Catching conversion blockers before they spread
During an early replay review, Johannes watched a user click “Subscribe”—then nothing. The billing form was below the fold on smaller screens, invisible to users trying to complete payment. One session exposed a silent conversion killer that metrics alone would never have flagged.
The team repositioned the credit card fields, restoring visibility and preventing drop-offs across the checkout funnel.
“It was one of the first replays I ever watched, and it immediately showed a user unable to proceed because the billing form was hidden. That one session made the case for adopting Session Replay “, Kresling says.
Making new releases safer
For every beta launch, DISCO now enforces Session Replay on key events for 1–4 weeks. This captures first-time user interactions in full, confirming that onboarding cues, entry points, and feature discovery work as intended—before rolling out broadly.
When error rates spiked on a new “find similar tracks by URL” feature, replays showed users simply retrying and succeeding moments later. It was an intermittent glitch, not a systemic failure—letting engineering prioritize the fix appropriately instead of treating it as an emergency.
Setup tips from Disco
- Right-size sampling: Run ambient replay at ~10% to protect quota; force 100% capture only on critical flows and new features.
- Target high-impact moments: Checkout, billing changes, and brand-new features warrant enforced replays.
- Share across teams: PMs validate UX, designers verify intent, engineers reproduce bugs, and customer success visualizes friction—all from the same clips.
Because our Mixpanel segments are already wired, we filter first, then watch. It saves hours and removes guesswork.Johannes Kresling Senior Product Manager, DISCO
Results
Faster iteration
UX issues that once required days of user interviews are now diagnosed and fixed within hours. DISCO moved from identifying the waveform-scrubbing pattern to shipping a redesigned search UI in a single discovery sprint.
Higher post-release confidence
Enforced replays on new features validate onboarding and intended user paths immediately, reducing reliance on delayed feedback loops.
Smarter incident triage
Teams now distinguish intermittent bugs from systemic problems, prioritizing fixes based on real impact rather than speculation.
Cross-functional alignment
Designers, engineers, PMs, and customer success teams collaborate using the same Mixpanel segments and replay evidence—eliminating opinion-based debates and aligning around observable behavior.
A new product culture
Replay reviews are now embedded in DISCO’s release process. Sprint demos routinely include clips of real user behavior, making empathy and validation a natural part of how the team builds. “Session replay is the quickest way to validate whether users take the path you designed—or the path they actually want”, Kresling says.

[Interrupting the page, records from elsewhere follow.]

(* For $m,n\in\mathbb N$ let $(i(m,n),\tau(m,n))\in\mathbb Z^2$, let $v(n)\ge1$, and let $s(n)$ be positive integers with $s(n)\to\infty$. Let $\alpha,\gamma,c>0$ and assume $\sum_{n=1}^\infty v(n)s(n)^\alpha\exp\{-c\,s(n)^\gamma\}<\infty$. Then for $\mathbb P$-almost every $\omega$, \[ \lim_{n\to\infty}\max_{1\le m\le v(n)}s(n)^\alpha\,P^\omega\Bigl\{\max_{1\le k\le s(n)}\tilde X^{i(m,n),\tau(m,n)}_k\ge c\,s(n)^{\frac12+\gamma}\Bigr\}=0, \] where $\tilde X^{i,\tau}_k=X^{i,\tau}_k-i-Vk$.
   Context: Environment setup: Fix an integer $M\ge1$. $\mathcal P$ = probability vectors $u=(u(y):-M\le y\le M)$, with $u(y)=0$ for $|y|>M$. Environment $\omega=(\omega_{x,\tau})\in\Omega=\mathcal P^{\mathbb Z^2}$, $u^\omega_\tau(x,y)=\omega_{x,\tau}(y)$; under $\mathbb P$ the $\omega_{x,\tau}$ are i.i.d. $p(0,j)=\mathbb Eu_0(0,j)$, $V=\sum_jjp(0,j)$. Backward walk: given $\omega$ and $(i,\tau)\in\mathbb Z^2$, $(X^{i,\tau}_s)_{s\ge0}$ is the Markov chain on $\mathbb Z$ under the quenched law $P^\omega$ with $X^{i,\tau}_0=i$ and $P^\omega(X^{i,\tau}_{s+1}=y\mid X^{i,\tau}_s=x)=u^\omega_{\tau-s}(x,y-x)$ (so steps have absolute value at most $M$). *)

theory Defs
  imports "HOL-Probability.Probability"
begin

definition Pvec :: "nat \<Rightarrow> (int \<Rightarrow> real) set" where
  "Pvec M = {u. (\<forall>y. 0 \<le> u y) \<and> (\<forall>y. \<bar>y\<bar> > int M \<longrightarrow> u y = 0)
               \<and> (\<Sum>y\<in>{- int M..int M}. u y) = 1}"

definition vec_space :: "(int \<Rightarrow> real) measure" where
  "vec_space = PiM UNIV (\<lambda>_. borel)"

text \<open>The environment law P: i.i.d. product of the one-site law mu over Z^2.
  An environment omega maps (x,tau) to omega_{x,tau}, a vector indexed by y.\<close>
definition env_measure :: "(int \<Rightarrow> real) measure \<Rightarrow> (int \<times> int \<Rightarrow> int \<Rightarrow> real) measure" where
  "env_measure \<mu> = PiM UNIV (\<lambda>_. \<mu>)"

definition drift :: "nat \<Rightarrow> (int \<Rightarrow> real) measure \<Rightarrow> real" where
  "drift M \<mu> = (\<Sum>j\<in>{- int M..int M}. real_of_int j * (\<integral>u. u j \<partial>\<mu>))"

definition walk_pos :: "int \<Rightarrow> int list \<Rightarrow> nat \<Rightarrow> int" where
  "walk_pos i ds k = i + sum_list (take k ds)"

text \<open>Finite-dimensional law of the
  Markov chain with transitions P(X_{s+1}=y | X_s=x) = omega_{x,tau-s}(y-x);
  steps range over [-M,M].\<close>
definition quenched_prob ::
  "nat \<Rightarrow> (int \<times> int \<Rightarrow> int \<Rightarrow> real) \<Rightarrow> int \<Rightarrow> int \<Rightarrow> nat \<Rightarrow> ((nat \<Rightarrow> int) \<Rightarrow> bool) \<Rightarrow> real" where
  "quenched_prob M \<omega> i \<tau> n E =
     (\<Sum>ds\<in>{ds. length ds = n \<and> set ds \<subseteq> {- int M..int M}}.
        if E (walk_pos i ds)
        then (\<Prod>k<n. \<omega> (walk_pos i ds k, \<tau> - int k) (ds ! k)) else 0)"

end

theory Submission
  imports Defs "HOL-Real_Asymp.Real_Asymp"
begin

text \<open>Write S_k for the displacement X_k - i - V k. By Markov's inequality with the weight
  sum_(k<=s) exp (theta (S_k - a)), where theta = 2 / sqrt s and a = c s^(1/2+gamma), the quenched
  tail probability is dominated by a quenched exponential moment. Its average over the
  environment is the annealed moment: a path visits each time level once, so the environment
  factors along it are independent and average to the kernel p, under which the walk has
  i.i.d. steps of mean V bounded by M. The bound exp x <= 1 + x + x^2 gives the annealed
  moment at most s exp (16 M^2 - 2 c s^gamma), which after multiplication by v s^alpha is
  summable in n. Hence the sum over n and m of the dominating variables has finite
  expectation, is finite almost surely, and its terms tend to zero.\<close>

lemma nn_integral_PiM_prod_inj_coordinates:
  fixes f :: "'k \<Rightarrow> 'b \<Rightarrow> ennreal" and \<sigma> :: "'k \<Rightarrow> 'i"
  assumes "prob_space \<mu>" and "finite K" and inj: "inj_on \<sigma> K"
    and f: "\<And>k. k \<in> K \<Longrightarrow> f k \<in> borel_measurable \<mu>"
  shows "(\<integral>\<^sup>+\<omega>. (\<Prod>k\<in>K. f k (\<omega> (\<sigma> k))) \<partial>PiM UNIV (\<lambda>_. \<mu>)) = (\<Prod>k\<in>K. \<integral>\<^sup>+u. f k u \<partial>\<mu>)"
proof -
  interpret product_prob_space "\<lambda>_. \<mu>" UNIV
    unfolding product_prob_space_def product_prob_space_axioms_def product_sigma_finite_def
    using assms(1) prob_space_imp_sigma_finite by blast
  define J where "J = \<sigma> ` K"
  define g where "g z = f (the_inv_into K \<sigma> z)" for z
  have "finite J" using assms(2) J_def by auto
  have g: "g z \<in> borel_measurable \<mu>" if "z \<in> J" for z
    unfolding g_def by (rule f, rule the_inv_into_into[OF inj]) (use that in \<open>auto simp: J_def\<close>)
  have reindex: "(\<Prod>k\<in>K. h k (\<sigma> k)) = (\<Prod>z\<in>J. h (the_inv_into K \<sigma> z) z)" for h :: "'k \<Rightarrow> 'i \<Rightarrow> ennreal"
    unfolding J_def by (subst prod.reindex[OF inj]) (auto simp: the_inv_into_f_f[OF inj])
  have "(\<integral>\<^sup>+\<omega>. (\<Prod>k\<in>K. f k (\<omega> (\<sigma> k))) \<partial>PiM UNIV (\<lambda>_. \<mu>))
      = (\<integral>\<^sup>+\<omega>. (\<Prod>z\<in>J. g z (restrict \<omega> J z)) \<partial>PiM UNIV (\<lambda>_. \<mu>))"
    by (subst reindex[of "\<lambda>k z. f k (_ z)"]) (auto simp: g_def intro!: nn_integral_cong prod.cong)
  also have "\<dots> = (\<integral>\<^sup>+x. (\<Prod>z\<in>J. g z (x z)) \<partial>distr (PiM UNIV (\<lambda>_. \<mu>)) (PiM J (\<lambda>_. \<mu>)) (\<lambda>\<omega>. restrict \<omega> J))"
    by (subst nn_integral_distr)
       (auto intro!: measurable_restrict_subset borel_measurable_prod_ennreal
          measurable_compose[OF measurable_component_singleton[where M="\<lambda>_. \<mu>"] g])
  also have "\<dots> = (\<integral>\<^sup>+x. (\<Prod>z\<in>J. g z (x z)) \<partial>PiM J (\<lambda>_. \<mu>))"
    by (subst distr_PiM_restrict_finite) (auto simp: \<open>finite J\<close>)
  also have "\<dots> = (\<Prod>z\<in>J. \<integral>\<^sup>+u. g z u \<partial>\<mu>)"
    by (rule product_nn_integral_prod) (auto simp: \<open>finite J\<close> g)
  also have "\<dots> = (\<Prod>k\<in>K. \<integral>\<^sup>+u. f k u \<partial>\<mu>)"
    using reindex[of "\<lambda>k z. \<integral>\<^sup>+u. f k u \<partial>\<mu>"] by (simp add: g_def)
  finally show ?thesis .
qed

lemma AE_Max_tendsto_zero_if_summable_nn_integral:
  fixes F G :: "nat \<Rightarrow> 'i \<Rightarrow> 'a \<Rightarrow> real"
  assumes A: "\<And>n. finite (A n)" "\<And>n. A n \<noteq> {}"
    and G_meas: "\<And>n m. G n m \<in> borel_measurable M"
    and dom: "AE x in M. \<forall>n m. 0 \<le> F n m x \<and> F n m x \<le> G n m x"
    and G_int: "\<And>n m. (\<integral>\<^sup>+x. G n m x \<partial>M) \<le> ennreal (b n m)"
    and b_nonneg: "\<And>n m. 0 \<le> b n m"
    and b_summable: "summable (\<lambda>n. \<Sum>m\<in>A n. b n m)"
  shows "AE x in M. (\<lambda>n. Max ((\<lambda>m. F n m x) ` A n)) \<longlonglongrightarrow> 0"
proof -
  define Y where "Y n x = (\<Sum>m\<in>A n. ennreal (G n m x))" for n x
  have Y_meas: "(\<lambda>x. \<Sum>n. Y n x) \<in> borel_measurable M"
    unfolding Y_def using G_meas by measurable
  have "(\<integral>\<^sup>+x. (\<Sum>n. Y n x) \<partial>M) = (\<Sum>n. \<Sum>m\<in>A n. \<integral>\<^sup>+x. G n m x \<partial>M)"
    unfolding Y_def using G_meas by (simp add: nn_integral_suminf nn_integral_sum)
  also have "\<dots> \<le> (\<Sum>n. \<Sum>m\<in>A n. ennreal (b n m))"
    by (intro suminf_le summableI sum_mono G_int)
  also have "\<dots> = (\<Sum>n. ennreal (\<Sum>m\<in>A n. b n m))"
    by (simp add: sum_ennreal b_nonneg)
  also have "\<dots> < \<infinity>"
    using b_summable b_nonneg by (simp add: suminf_ennreal2 sum_nonneg)
  finally have "AE x in M. (\<Sum>n. Y n x) \<noteq> \<infinity>"
    by (intro nn_integral_PInf_AE Y_meas) simp
  with dom show ?thesis
  proof eventually_elim
    case (elim x)
    let ?S = "\<lambda>n. \<Sum>m\<in>A n. G n m x"
    have S_nonneg: "0 \<le> ?S n" for n
      using elim(1) by (auto intro: sum_nonneg order_trans)
    have "Y n x = ennreal (?S n)" for n
      using elim(1) unfolding Y_def by (subst sum_ennreal) (auto intro: order_trans)
    with elim(2) have "summable ?S"
      by (intro summable_suminf_not_top S_nonneg) simp
    then have S_lim: "?S \<longlonglongrightarrow> 0" by (rule summable_LIMSEQ_zero)
    show ?case
    proof (rule tendsto_sandwich[OF _ _ tendsto_const S_lim]; intro always_eventually allI)
      fix n
      obtain m where "m \<in> A n" using A(2) by blast
      then have "F n m x \<le> Max ((\<lambda>m. F n m x) ` A n)" using A(1) by simp
      then show "0 \<le> Max ((\<lambda>m. F n m x) ` A n)" using elim(1) order_trans by blast
      have "F n m x \<le> ?S n" if "m \<in> A n" for m
      proof -
        have "F n m x \<le> G n m x" using elim(1) by blast
        also have "\<dots> \<le> ?S n"
          using that A(1) elim(1) by (intro member_le_sum) (auto intro: order_trans)
        finally show ?thesis .
      qed
      then show "Max ((\<lambda>m. F n m x) ` A n) \<le> ?S n"
        using A by simp
    qed
  qed
qed

lemma lim_mult_exp_neg_powr:
  fixes c \<gamma> :: real
  assumes "0 < c" and "0 < \<gamma>"
  shows "((\<lambda>x. x * exp (- c * x powr \<gamma>)) \<longlongrightarrow> 0) at_top"
  using assms by real_asymp

lemma summable_if_eventually_le_stretched_exp:
  fixes s :: "nat \<Rightarrow> nat" and w \<beta> :: "nat \<Rightarrow> real"
  assumes s: "filterlim s at_top sequentially" and "0 < c" and "0 < \<gamma>"
    and summable: "summable (\<lambda>n. w n * exp (- c * real (s n) powr \<gamma>))"
    and "\<And>n. 0 \<le> w n" and "\<And>n. 0 \<le> \<beta> n"
    and bound: "eventually (\<lambda>n. \<beta> n \<le> w n * (real (s n) * exp (K - 2 * c * real (s n) powr \<gamma>))) sequentially"
  shows "summable \<beta>"
proof (rule summable_comparison_test_ev)
  have "((\<lambda>n. real (s n) * exp (- c * real (s n) powr \<gamma>)) \<longlongrightarrow> 0) sequentially"
    using lim_mult_exp_neg_powr[OF \<open>0 < c\<close> \<open>0 < \<gamma>\<close>] filterlim_real_sequentially s
    by (rule filterlim_compose[OF _ filterlim_compose])
  then have "eventually (\<lambda>n. real (s n) * exp (- c * real (s n) powr \<gamma>) < 1) sequentially"
    by (rule order_tendstoD(2)) simp
  with bound show "eventually (\<lambda>n. norm (\<beta> n) \<le> exp K * (w n * exp (- c * real (s n) powr \<gamma>))) sequentially"
  proof eventually_elim
    case (elim n)
    let ?e = "exp (- c * real (s n) powr \<gamma>)"
    have "exp (K - 2 * c * real (s n) powr \<gamma>) = exp K * ?e * ?e"
      by (simp flip: exp_add)
    then have "w n * (real (s n) * exp (K - 2 * c * real (s n) powr \<gamma>)) = exp K * w n * ?e * (real (s n) * ?e)"
      by (simp add: algebra_simps)
    also have "\<dots> \<le> exp K * w n * ?e"
      using elim(2) \<open>0 \<le> w n\<close> by (intro mult_right_le_one_le) auto
    finally show ?case using elim(1) \<open>0 \<le> \<beta> n\<close> by (simp add: algebra_simps)
  qed
  show "summable (\<lambda>n. exp K * (w n * exp (- c * real (s n) powr \<gamma>)))"
    by (rule summable_mult[OF summable])
qed

lemma exp_le_one_plus_self_plus_square:
  fixes x :: real
  assumes "x \<le> 1"
  shows "exp x \<le> 1 + x + x\<^sup>2"
proof (cases "0 \<le> x")
  case True
  then show ?thesis using exp_bound assms by blast
next
  case False
  have "exp x * (1 - x) \<le> exp x * exp (- x)"
    using exp_ge_add_one_self[of "- x"] by (intro mult_left_mono) auto
  also have "\<dots> = 1" by (simp add: exp_minus)
  also have "\<dots> \<le> (1 + x + x\<^sup>2) * (1 - x)"
    using False mult_nonpos_nonneg[of x "x * x"] by (simp add: algebra_simps power2_eq_square)
  finally show ?thesis using False by simp
qed

lemma lists_length_Suc_eq_image_Cons:
  "{ds. length ds = Suc n \<and> set ds \<subseteq> D} = (\<lambda>(d, ds). d # ds) ` (D \<times> {ds. length ds = n \<and> set ds \<subseteq> D})"
  by (auto simp: length_Suc_conv)

lemma sum_lists_length_prod_nth:
  fixes g :: "nat \<Rightarrow> 'a \<Rightarrow> 'b::comm_semiring_1"
  shows "(\<Sum>ds\<in>{ds. length ds = n \<and> set ds \<subseteq> D}. \<Prod>j<n. g j (ds ! j)) = (\<Prod>j<n. \<Sum>d\<in>D. g j d)"
proof (induction n arbitrary: g)
  case 0
  have "{ds. length ds = 0 \<and> set ds \<subseteq> D} = {[]}" by auto
  then show ?case by simp
next
  case (Suc n)
  let ?L = "{ds. length ds = n \<and> set ds \<subseteq> D}"
  have "inj_on (\<lambda>(d, ds). d # ds) (D \<times> ?L)" by (auto simp: inj_on_def)
  then have "(\<Sum>ds\<in>{ds. length ds = Suc n \<and> set ds \<subseteq> D}. \<Prod>j<Suc n. g j (ds ! j))
      = (\<Sum>(d, ds)\<in>D \<times> ?L. \<Prod>j<Suc n. g j ((d # ds) ! j))"
    unfolding lists_length_Suc_eq_image_Cons by (subst sum.reindex) (simp_all add: case_prod_beta)
  also have "\<dots> = (\<Sum>d\<in>D. g 0 d) * (\<Sum>ds\<in>?L. \<Prod>j<n. g (Suc j) (ds ! j))"
    by (simp add: sum.cartesian_product[symmetric] sum_product prod.lessThan_Suc_shift del: prod.lessThan_Suc)
  also have "\<dots> = (\<Prod>j<Suc n. \<Sum>d\<in>D. g j d)"
    by (simp add: Suc.IH[of "\<lambda>j. g (Suc j)"] prod.lessThan_Suc_shift del: prod.lessThan_Suc)
  finally show ?case .
qed

lemma sum_lists_length_prod_prefix:
  fixes h p :: "'a \<Rightarrow> 'b::comm_semiring_1"
  assumes "(\<Sum>d\<in>D. p d) = 1" and "k \<le> n"
  shows "(\<Sum>ds\<in>{ds. length ds = n \<and> set ds \<subseteq> D}. (\<Prod>j<k. h (ds ! j)) * (\<Prod>j<n. p (ds ! j)))
    = (\<Sum>d\<in>D. h d * p d) ^ k"
proof -
  define g where "g j d = (if j < k then h d else 1) * p d" for j d
  have prefix: "(\<Prod>j<k. f j) = (\<Prod>j<n. if j < k then f j else 1)" for f :: "nat \<Rightarrow> 'b"
    using \<open>k \<le> n\<close> by (simp add: prod.If_cases Int_absorb1 lessThan_subset_iff flip: lessThan_def)
  have "(\<Prod>j<k. h (ds ! j)) * (\<Prod>j<n. p (ds ! j)) = (\<Prod>j<n. g j (ds ! j))" for ds
    unfolding g_def prefix[of "\<lambda>j. h (ds ! j)"] by (simp add: prod.distrib)
  then have "(\<Sum>ds\<in>{ds. length ds = n \<and> set ds \<subseteq> D}. (\<Prod>j<k. h (ds ! j)) * (\<Prod>j<n. p (ds ! j)))
      = (\<Prod>j<n. \<Sum>d\<in>D. g j d)"
    by (simp add: sum_lists_length_prod_nth)
  also have "\<dots> = (\<Prod>j<n. if j < k then (\<Sum>d\<in>D. h d * p d) else 1)"
    by (intro prod.cong) (simp_all add: g_def assms(1))
  also have "\<dots> = (\<Sum>d\<in>D. h d * p d) ^ k"
    by (simp flip: prefix)
  finally show ?thesis .
qed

Session Replay is the quickest way to validate whether users take the path you designed—or the path they actually want.Johannes Kresling Senior Product Manager, DISCO
What is next
DISCO is standardizing “force replays on new features” across all three product squads, embedding replay reviews into release checklists, and expanding access so every discipline uses the same Mixpanel segments to drive decisions. “Watching a replay can replace hours of back-and-forth. You see exactly what happened, why it happened, and what to fix next”, Kresling concludes.
Best Practices
- Pair charts with replays: Start from a Mixpanel Insight or Funnel, then watch sessions within that segment.
- Instrument force-record events for new features and revenue flows (checkout, upgrades, billing).
- Review onboarding regularly: First-time experiences are uniquely visible through replay—monitor them continuously.
- Keep sampling intentional: 5–15% for ambient coverage; enforce 100% only where needed and time-box it.